▶ _PROBLEM_
Wherever the word "lebesgue" occurs in the listing below, copy that whole line.
◆ ◆ ◆
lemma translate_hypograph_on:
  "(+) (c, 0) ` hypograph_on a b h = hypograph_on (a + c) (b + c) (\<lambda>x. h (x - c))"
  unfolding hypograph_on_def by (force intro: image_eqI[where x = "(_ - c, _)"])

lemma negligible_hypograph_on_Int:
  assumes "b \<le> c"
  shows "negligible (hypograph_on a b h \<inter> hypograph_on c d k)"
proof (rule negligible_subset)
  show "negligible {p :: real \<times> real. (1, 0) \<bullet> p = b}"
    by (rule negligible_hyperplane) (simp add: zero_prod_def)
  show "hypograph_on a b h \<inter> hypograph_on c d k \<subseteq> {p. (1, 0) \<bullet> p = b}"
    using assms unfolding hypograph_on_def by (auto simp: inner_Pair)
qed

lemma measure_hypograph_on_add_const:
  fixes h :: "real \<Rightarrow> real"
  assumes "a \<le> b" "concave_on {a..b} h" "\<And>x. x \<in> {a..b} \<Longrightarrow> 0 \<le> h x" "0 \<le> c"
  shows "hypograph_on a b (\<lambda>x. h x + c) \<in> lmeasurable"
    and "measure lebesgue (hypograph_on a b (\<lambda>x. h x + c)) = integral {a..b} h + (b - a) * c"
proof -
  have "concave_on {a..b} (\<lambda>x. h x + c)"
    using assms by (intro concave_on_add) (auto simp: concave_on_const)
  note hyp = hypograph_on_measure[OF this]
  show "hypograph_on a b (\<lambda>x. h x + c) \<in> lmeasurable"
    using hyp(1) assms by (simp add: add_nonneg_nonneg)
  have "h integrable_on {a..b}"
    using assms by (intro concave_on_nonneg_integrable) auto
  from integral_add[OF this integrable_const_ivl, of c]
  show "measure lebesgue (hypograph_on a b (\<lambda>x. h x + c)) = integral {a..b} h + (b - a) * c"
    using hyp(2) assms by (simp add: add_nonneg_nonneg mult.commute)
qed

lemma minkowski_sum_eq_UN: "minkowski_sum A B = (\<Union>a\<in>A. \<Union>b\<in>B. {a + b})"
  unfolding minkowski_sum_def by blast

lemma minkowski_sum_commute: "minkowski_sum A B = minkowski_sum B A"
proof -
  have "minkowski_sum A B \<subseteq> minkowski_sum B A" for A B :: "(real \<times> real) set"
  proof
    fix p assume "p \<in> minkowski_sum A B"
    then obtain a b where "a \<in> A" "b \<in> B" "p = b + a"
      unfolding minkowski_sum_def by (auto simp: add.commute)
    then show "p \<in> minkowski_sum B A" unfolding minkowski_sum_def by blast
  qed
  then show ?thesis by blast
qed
◆ ◆ ◆
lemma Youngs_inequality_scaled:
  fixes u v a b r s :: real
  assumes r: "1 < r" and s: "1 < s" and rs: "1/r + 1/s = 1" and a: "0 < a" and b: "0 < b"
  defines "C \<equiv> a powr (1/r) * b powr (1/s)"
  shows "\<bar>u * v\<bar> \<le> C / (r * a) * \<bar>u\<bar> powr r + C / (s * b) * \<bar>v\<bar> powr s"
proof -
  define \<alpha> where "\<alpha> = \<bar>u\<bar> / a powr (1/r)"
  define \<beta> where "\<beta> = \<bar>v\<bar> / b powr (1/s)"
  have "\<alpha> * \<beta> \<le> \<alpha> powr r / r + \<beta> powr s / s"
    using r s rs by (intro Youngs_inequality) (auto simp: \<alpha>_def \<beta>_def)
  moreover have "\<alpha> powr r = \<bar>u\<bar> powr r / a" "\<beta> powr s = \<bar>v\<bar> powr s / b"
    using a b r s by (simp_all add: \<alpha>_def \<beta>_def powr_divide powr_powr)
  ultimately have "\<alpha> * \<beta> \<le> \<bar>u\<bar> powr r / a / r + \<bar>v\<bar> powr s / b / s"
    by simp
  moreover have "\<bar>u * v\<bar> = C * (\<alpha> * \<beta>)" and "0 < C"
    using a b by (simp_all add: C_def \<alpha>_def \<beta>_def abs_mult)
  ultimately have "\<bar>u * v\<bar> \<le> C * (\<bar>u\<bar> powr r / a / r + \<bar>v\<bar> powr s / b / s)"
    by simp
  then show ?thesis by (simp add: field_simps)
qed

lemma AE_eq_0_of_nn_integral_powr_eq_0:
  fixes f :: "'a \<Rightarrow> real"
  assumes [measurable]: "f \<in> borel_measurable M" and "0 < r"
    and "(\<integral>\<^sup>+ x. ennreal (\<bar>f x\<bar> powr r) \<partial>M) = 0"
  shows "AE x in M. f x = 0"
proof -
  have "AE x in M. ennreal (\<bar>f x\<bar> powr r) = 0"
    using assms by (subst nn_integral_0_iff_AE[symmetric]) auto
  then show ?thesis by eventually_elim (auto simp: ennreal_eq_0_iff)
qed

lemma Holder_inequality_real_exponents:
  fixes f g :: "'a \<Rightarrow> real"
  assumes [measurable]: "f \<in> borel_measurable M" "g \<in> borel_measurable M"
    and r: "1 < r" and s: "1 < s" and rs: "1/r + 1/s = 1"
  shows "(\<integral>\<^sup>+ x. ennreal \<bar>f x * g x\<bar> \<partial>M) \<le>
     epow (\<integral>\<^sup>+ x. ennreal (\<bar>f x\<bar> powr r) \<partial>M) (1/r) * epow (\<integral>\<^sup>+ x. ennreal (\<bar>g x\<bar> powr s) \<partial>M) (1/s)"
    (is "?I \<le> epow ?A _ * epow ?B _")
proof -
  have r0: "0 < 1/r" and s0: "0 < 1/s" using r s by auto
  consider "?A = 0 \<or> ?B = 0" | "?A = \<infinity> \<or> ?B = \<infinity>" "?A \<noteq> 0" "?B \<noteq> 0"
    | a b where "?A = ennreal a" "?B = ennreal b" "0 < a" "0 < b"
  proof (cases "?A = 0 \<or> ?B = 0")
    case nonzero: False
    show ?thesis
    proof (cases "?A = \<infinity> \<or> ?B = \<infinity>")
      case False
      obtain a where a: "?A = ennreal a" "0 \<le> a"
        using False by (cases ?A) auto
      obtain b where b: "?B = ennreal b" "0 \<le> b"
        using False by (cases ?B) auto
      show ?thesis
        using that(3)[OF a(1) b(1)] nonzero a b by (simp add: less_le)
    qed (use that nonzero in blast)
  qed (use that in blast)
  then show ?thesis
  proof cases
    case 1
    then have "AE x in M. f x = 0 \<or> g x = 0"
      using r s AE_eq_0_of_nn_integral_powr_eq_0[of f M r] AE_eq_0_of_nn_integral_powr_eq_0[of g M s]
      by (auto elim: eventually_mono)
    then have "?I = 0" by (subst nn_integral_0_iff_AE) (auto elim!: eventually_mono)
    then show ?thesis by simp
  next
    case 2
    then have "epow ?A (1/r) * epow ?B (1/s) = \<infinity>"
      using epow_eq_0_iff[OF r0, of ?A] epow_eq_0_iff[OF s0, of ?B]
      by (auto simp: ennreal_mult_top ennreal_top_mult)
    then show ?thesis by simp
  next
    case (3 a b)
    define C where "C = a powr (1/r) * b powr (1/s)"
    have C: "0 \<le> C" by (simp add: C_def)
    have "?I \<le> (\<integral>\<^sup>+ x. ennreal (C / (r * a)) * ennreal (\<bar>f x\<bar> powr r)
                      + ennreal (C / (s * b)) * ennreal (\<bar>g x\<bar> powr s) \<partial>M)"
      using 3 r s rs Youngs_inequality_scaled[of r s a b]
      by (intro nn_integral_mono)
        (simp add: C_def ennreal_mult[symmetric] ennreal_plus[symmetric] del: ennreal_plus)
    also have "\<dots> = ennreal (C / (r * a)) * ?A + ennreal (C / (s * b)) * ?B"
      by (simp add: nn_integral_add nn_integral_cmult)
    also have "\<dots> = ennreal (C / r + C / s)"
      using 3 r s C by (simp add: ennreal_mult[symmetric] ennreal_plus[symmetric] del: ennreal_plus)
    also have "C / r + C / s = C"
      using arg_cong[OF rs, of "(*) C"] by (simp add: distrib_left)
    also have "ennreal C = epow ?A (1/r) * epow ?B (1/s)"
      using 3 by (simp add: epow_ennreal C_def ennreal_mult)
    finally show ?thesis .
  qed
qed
◆ ◆ ◆
▶ _ANSWER TO THIS TASK_
    and "measure lebesgue (hypograph_on a b (\<lambda>x. h x + c)) = integral {a..b} h + (b - a) * c"
  show "measure lebesgue (hypograph_on a b (\<lambda>x. h x + c)) = integral {a..b} h + (b - a) * c"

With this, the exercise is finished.